Requirement →
Once you have read the data below, print all of it exactly.
::::
lemma cls2_self: "c \<in> Z2 sg bg D sh K \<rho> \<Longrightarrow> c \<in> cls2 sg bg D sh K \<rho> c"
  unfolding cls2_def
  by (auto intro!: exI[of _ "\<lambda>x. 0"] vector_space_pair.linear_zero g.vector_space vector_space_h
      simp: cob1_def vector_space_pair_def)

lemma cls2_eq_if_cohomologous:
  assumes f: "Vector_Spaces.linear sg sh f"
    and fst: "\<And>x y. fst c' x y = fst c x y + fst (cob1 bg D K \<rho> f) x y"
    and snd: "\<And>x. snd c' x = snd c x + snd (cob1 bg D K \<rho> f) x"
  shows "cls2 sg bg D sh K \<rho> c' = cls2 sg bg D sh K \<rho> c"
proof (intro set_eqI iffI)
  fix d assume "d \<in> cls2 sg bg D sh K \<rho> c'"
  then obtain g where d: "d \<in> Z2 sg bg D sh K \<rho>" "Vector_Spaces.linear sg sh g"
    "\<And>x y. fst d x y = fst c' x y + fst (cob1 bg D K \<rho> g) x y"
    "\<And>x. snd d x = snd c' x + snd (cob1 bg D K \<rho> g) x" unfolding cls2_def by auto
  then show "d \<in> cls2 sg bg D sh K \<rho> c" unfolding cls2_def
    using fst snd lin_compose_add[OF f d(2)]
    by (auto intro!: exI[of _ "\<lambda>x. f x + g x"] simp: cob1_def algebra_simps)
next
  fix d assume "d \<in> cls2 sg bg D sh K \<rho> c"
  then obtain g where d: "d \<in> Z2 sg bg D sh K \<rho>" "Vector_Spaces.linear sg sh g"
    "\<And>x y. fst d x y = fst c x y + fst (cob1 bg D K \<rho> g) x y"
    "\<And>x. snd d x = snd c x + snd (cob1 bg D K \<rho> g) x" unfolding cls2_def by auto
  then show "d \<in> cls2 sg bg D sh K \<rho> c'" unfolding cls2_def
    using fst snd lin_compose_sub[OF d(2) f]
    by (auto intro!: exI[of _ "\<lambda>x. g x - f x"] simp: cob1_def algebra_simps)
qed

end

locale abelian_extension = difference_rep sg bg D sh K \<rho>
  for sg :: "'k::field \<Rightarrow> 'g::ab_group_add \<Rightarrow> 'g" and bg D
    and sh :: "'k \<Rightarrow> 'h::ab_group_add \<Rightarrow> 'h" and K \<rho> +
  fixes E :: "('k, 'g, 'h, 'e::ab_group_add) abext"
  assumes abelian_ext: "abelian_ext sg bg D sh K E" and induces_rep: "induces_rep sg \<rho> E"
begin

lemma diff_lie_E: "diff_lie (esc E) (ebr E) (eD E)" using abelian_ext by (simp add: abelian_ext_def)
sublocale e: lie_alg "esc E" "ebr E" using diff_lie_E by (simp add: diff_lie_def lie_alg_def)

lemma linear_eD: "Vector_Spaces.linear (esc E) (esc E) (eD E)"
  using diff_lie_E by (simp add: diff_lie_def)
lemma eD_bracket:
  "eD E (ebr E a b) = ebr E a (eD E b) - ebr E b (eD E a) + ebr E (eD E a) (eD E b)"
  using diff_lie_E by (simp add: diff_lie_def)
lemma linear_einc: "Vector_Spaces.linear sh (esc E) (einc E)"
  using abelian_ext by (simp add: abelian_ext_def)
lemma linear_eproj: "Vector_Spaces.linear (esc E) sg (eproj E)"
  using abelian_ext by (simp add: abelian_ext_def)
lemmas linear_E_simps[simp] =
  lin_simps[OF linear_eD] lin_simps[OF linear_einc] lin_simps[OF linear_eproj]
::::
Reply to the task →
lemma cls2_self: "c \<in> Z2 sg bg D sh K \<rho> \<Longrightarrow> c \<in> cls2 sg bg D sh K \<rho> c"
  unfolding cls2_def
  by (auto intro!: exI[of _ "\<lambda>x. 0"] vector_space_pair.linear_zero g.vector_space vector_space_h
      simp: cob1_def vector_space_pair_def)

lemma cls2_eq_if_cohomologous:
  assumes f: "Vector_Spaces.linear sg sh f"
    and fst: "\<And>x y. fst c' x y = fst c x y + fst (cob1 bg D K \<rho> f) x y"
    and snd: "\<And>x. snd c' x = snd c x + snd (cob1 bg D K \<rho> f) x"
  shows "cls2 sg bg D sh K \<rho> c' = cls2 sg bg D sh K \<rho> c"
proof (intro set_eqI iffI)
  fix d assume "d \<in> cls2 sg bg D sh K \<rho> c'"
  then obtain g where d: "d \<in> Z2 sg bg D sh K \<rho>" "Vector_Spaces.linear sg sh g"
    "\<And>x y. fst d x y = fst c' x y + fst (cob1 bg D K \<rho> g) x y"
    "\<And>x. snd d x = snd c' x + snd (cob1 bg D K \<rho> g) x" unfolding cls2_def by auto
  then show "d \<in> cls2 sg bg D sh K \<rho> c" unfolding cls2_def
    using fst snd lin_compose_add[OF f d(2)]
    by (auto intro!: exI[of _ "\<lambda>x. f x + g x"] simp: cob1_def algebra_simps)
next
  fix d assume "d \<in> cls2 sg bg D sh K \<rho> c"
  then obtain g where d: "d \<in> Z2 sg bg D sh K \<rho>" "Vector_Spaces.linear sg sh g"
    "\<And>x y. fst d x y = fst c x y + fst (cob1 bg D K \<rho> g) x y"
    "\<And>x. snd d x = snd c x + snd (cob1 bg D K \<rho> g) x" unfolding cls2_def by auto
  then show "d \<in> cls2 sg bg D sh K \<rho> c'" unfolding cls2_def
    using fst snd lin_compose_sub[OF d(2) f]
    by (auto intro!: exI[of _ "\<lambda>x. g x - f x"] simp: cob1_def algebra_simps)
qed

end

locale abelian_extension = difference_rep sg bg D sh K \<rho>
  for sg :: "'k::field \<Rightarrow> 'g::ab_group_add \<Rightarrow> 'g" and bg D
    and sh :: "'k \<Rightarrow> 'h::ab_group_add \<Rightarrow> 'h" and K \<rho> +
  fixes E :: "('k, 'g, 'h, 'e::ab_group_add) abext"
  assumes abelian_ext: "abelian_ext sg bg D sh K E" and induces_rep: "induces_rep sg \<rho> E"
begin

lemma diff_lie_E: "diff_lie (esc E) (ebr E) (eD E)" using abelian_ext by (simp add: abelian_ext_def)
sublocale e: lie_alg "esc E" "ebr E" using diff_lie_E by (simp add: diff_lie_def lie_alg_def)

lemma linear_eD: "Vector_Spaces.linear (esc E) (esc E) (eD E)"
  using diff_lie_E by (simp add: diff_lie_def)
lemma eD_bracket:
  "eD E (ebr E a b) = ebr E a (eD E b) - ebr E b (eD E a) + ebr E (eD E a) (eD E b)"
  using diff_lie_E by (simp add: diff_lie_def)
lemma linear_einc: "Vector_Spaces.linear sh (esc E) (einc E)"
  using abelian_ext by (simp add: abelian_ext_def)
lemma linear_eproj: "Vector_Spaces.linear (esc E) sg (eproj E)"
  using abelian_ext by (simp add: abelian_ext_def)
lemmas linear_E_simps[simp] =
  lin_simps[OF linear_eD] lin_simps[OF linear_einc] lin_simps[OF linear_eproj]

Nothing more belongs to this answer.